[Extracted data entries]
(* Consider the single-server control problem of minimizing $\limsup_{T\to\infty}\frac1T\sum_{t=0}^{T-1}\mathbb{E}[c(X_t,\nu_t)]$ with $c(x,\nu)=Cx+(1-\nu)\lambda$. There exists an optimal stable stationary policy $v^*:\mathcal N\to\{0,1\}$, and $W(x)=e^{ax}$ (with $a>0$ satisfying $p(e^a-1)<\frac{q}{2}(1-e^{-a})$) serves as a Lyapunov function for the corresponding optimally controlled Markov chain $\{X^*_t\}$, i.e. $\mathbb{E}[W(X^*_{t+1})-W(X^*_t)\mid X^*_t]\le -bW(X^*_t)$ for $X^*_t\neq 0$, for some $b>0$.
   Context: Single-server (decoupled) problem: Bernoulli($p$) arrivals $\xi_t$, $p\in(0,1)$; queue length $X_t\in\mathcal N=\{0,1,2,\dots\}$ with $X_{t+1}=X_t-D_{t+1}+\nu_t\xi_{t+1}$, $\nu_t\in\{0,1\}$ an admissible control (1 = active, arrivals admitted; 0 = passive), where given $X_t=x\ge1$, $D_{t+1}\sim\mathrm{Binomial}(x,q/x)$ and there are no departures when $x=0$. Parameters: holding cost $C>0$, capacity $q$ with $1>q>2p$, Lagrange multiplier (subsidy/tax for passivity) $\lambda\in\mathbb R$. Cost per stage $c(x,\nu)=Cx+(1-\nu)\lambda$. *)

theory Defs
  imports "HOL-Probability.Probability"
begin

text \<open>State x :: nat, action a :: bool (True = active, 1; False = passive, 0).\<close>

definition departures :: "real \<Rightarrow> nat \<Rightarrow> nat pmf" where
  "departures q x = (if x = 0 then return_pmf 0 else binomial_pmf x (q / real x))"

definition queue_trans :: "real \<Rightarrow> real \<Rightarrow> nat \<Rightarrow> bool \<Rightarrow> nat pmf" where
  "queue_trans p q x a =
     bind_pmf (departures q x) (\<lambda>d. bind_pmf (bernoulli_pmf p) (\<lambda>e.
       return_pmf (x - d + (if a \<and> e then 1 else 0))))"

definition cost :: "real \<Rightarrow> real \<Rightarrow> nat \<Rightarrow> bool \<Rightarrow> real" where
  "cost C lam x a = C * real x + (if a then 0 else lam)"

text \<open>Admissible (general, history-dependent, possibly randomized) policies: the action
  distribution at time t depends on the past state-action history and the current state.\<close>
type_synonym policy = "(nat \<times> bool) list \<Rightarrow> nat \<Rightarrow> bool pmf"

definition stationary :: "(nat \<Rightarrow> bool) \<Rightarrow> policy" where
  "stationary v = (\<lambda>h x. return_pmf (v x))"

fun path_dist :: "real \<Rightarrow> real \<Rightarrow> policy \<Rightarrow> nat \<Rightarrow> nat \<Rightarrow> ((nat \<times> bool) list \<times> nat) pmf" where
  "path_dist p q \<pi> x0 0 = return_pmf ([], x0)"
| "path_dist p q \<pi> x0 (Suc t) =
     bind_pmf (path_dist p q \<pi> x0 t) (\<lambda>(h, x).
       bind_pmf (\<pi> h x) (\<lambda>a. map_pmf (\<lambda>y. (h @ [(x, a)], y)) (queue_trans p q x a)))"

definition state_action :: "real \<Rightarrow> real \<Rightarrow> policy \<Rightarrow> nat \<Rightarrow> nat \<Rightarrow> (nat \<times> bool) pmf" where
  "state_action p q \<pi> x0 t =
     bind_pmf (path_dist p q \<pi> x0 t) (\<lambda>(h, x). map_pmf (\<lambda>a. (x, a)) (\<pi> h x))"
lemma disjoint_covering_prefix_iff:
  assumes "U \<subseteq> set xs"
  shows "T \<inter> covering_prefix xs U = {} \<longleftrightarrow> U \<subseteq> set (takeWhile (\<lambda>x. x \<notin> T) xs)"
proof
  assume disj: "T \<inter> covering_prefix xs U = {}"
  define r where "r = (LEAST r. U \<subseteq> set (take r xs))"
  have "takeWhile (\<lambda>x. x \<notin> T) (take r xs @ drop r xs) = take r xs @ takeWhile (\<lambda>x. x \<notin> T) (drop r xs)"
    using disj by (intro takeWhile_append2) (auto simp: covering_prefix_def r_def)
  then have "covering_prefix xs U \<subseteq> set (takeWhile (\<lambda>x. x \<notin> T) xs)"
    by (simp add: covering_prefix_def r_def)
  then show "U \<subseteq> set (takeWhile (\<lambda>x. x \<notin> T) xs)"
    using subset_covering_prefix[OF assms] by blast
next
  assume U: "U \<subseteq> set (takeWhile (\<lambda>x. x \<notin> T) xs)"
  define p where "p = length (takeWhile (\<lambda>x. x \<notin> T) xs)"
  have tw: "takeWhile (\<lambda>x. x \<notin> T) xs = take p xs"
    unfolding p_def by (rule takeWhile_eq_take)
  have "(LEAST r. U \<subseteq> set (take r xs)) \<le> p"
    by (rule Least_le) (use U tw in auto)
  then have "covering_prefix xs U \<subseteq> set (take p xs)"
    unfolding covering_prefix_def by (rule set_take_subset_set_take)
  moreover have "T \<inter> set (take p xs) = {}"
    using tw[symmetric] by (auto dest: set_takeWhileD)
  ultimately show "T \<inter> covering_prefix xs U = {}" by blast
qed

lemma sum_Pow_card:
  assumes "finite A"
  shows "(\<Sum>U\<in>Pow A. f (card U)) = (\<Sum>k\<le>card A. of_nat (card A choose k) * f k)"
proof -
  have "(\<Sum>U\<in>Pow A. f (card U)) = (\<Sum>k\<le>card A. \<Sum>U\<in>{U\<in>Pow A. card U = k}. f (card U))"
    by (rule sum.group[symmetric]) (use assms in \<open>auto intro: card_mono\<close>)
  also have "\<dots> = (\<Sum>k\<le>card A. of_nat (card A choose k) * f k)"
  proof (rule sum.cong[OF refl])
    fix k
    have "{U\<in>Pow A. card U = k} = {U. U \<subseteq> A \<and> card U = k}" by auto
    then show "(\<Sum>U\<in>{U\<in>Pow A. card U = k}. f (card U)) = of_nat (card A choose k) * f k"
      using n_subsets[OF assms, of k] by simp
  qed
  finally show ?thesis .
qed

lemma comb_users_Sigma: "comb_users Lam Kv = Sigma (Pow {..<Lam}) (\<lambda>U. {..<Kv (card U)})"
  unfolding comb_users_def by auto

lemma finite_comb_users [simp]: "finite (comb_users Lam Kv)"
  unfolding comb_users_Sigma by auto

▸ Prompt:
Reproduce the entries above exactly, starting at their first line and finishing with the line that contains "Context: Single-server (decoupled)".

▸ Response:
(* Consider the single-server control problem of minimizing $\limsup_{T\to\infty}\frac1T\sum_{t=0}^{T-1}\mathbb{E}[c(X_t,\nu_t)]$ with $c(x,\nu)=Cx+(1-\nu)\lambda$. There exists an optimal stable stationary policy $v^*:\mathcal N\to\{0,1\}$, and $W(x)=e^{ax}$ (with $a>0$ satisfying $p(e^a-1)<\frac{q}{2}(1-e^{-a})$) serves as a Lyapunov function for the corresponding optimally controlled Markov chain $\{X^*_t\}$, i.e. $\mathbb{E}[W(X^*_{t+1})-W(X^*_t)\mid X^*_t]\le -bW(X^*_t)$ for $X^*_t\neq 0$, for some $b>0$.
   Context: Single-server (decoupled) problem: Bernoulli($p$) arrivals $\xi_t$, $p\in(0,1)$; queue length $X_t\in\mathcal N=\{0,1,2,\dots\}$ with $X_{t+1}=X_t-D_{t+1}+\nu_t\xi_{t+1}$, $\nu_t\in\{0,1\}$ an admissible control (1 = active, arrivals admitted; 0 = passive), where given $X_t=x\ge1$, $D_{t+1}\sim\mathrm{Binomial}(x,q/x)$ and there are no departures when $x=0$. Parameters: holding cost $C>0$, capacity $q$ with $1>q>2p$, Lagrange multiplier (subsidy/tax for passivity) $\lambda\in\mathbb R$. Cost per stage $c(x,\nu)=Cx+(1-\nu)\lambda$. *)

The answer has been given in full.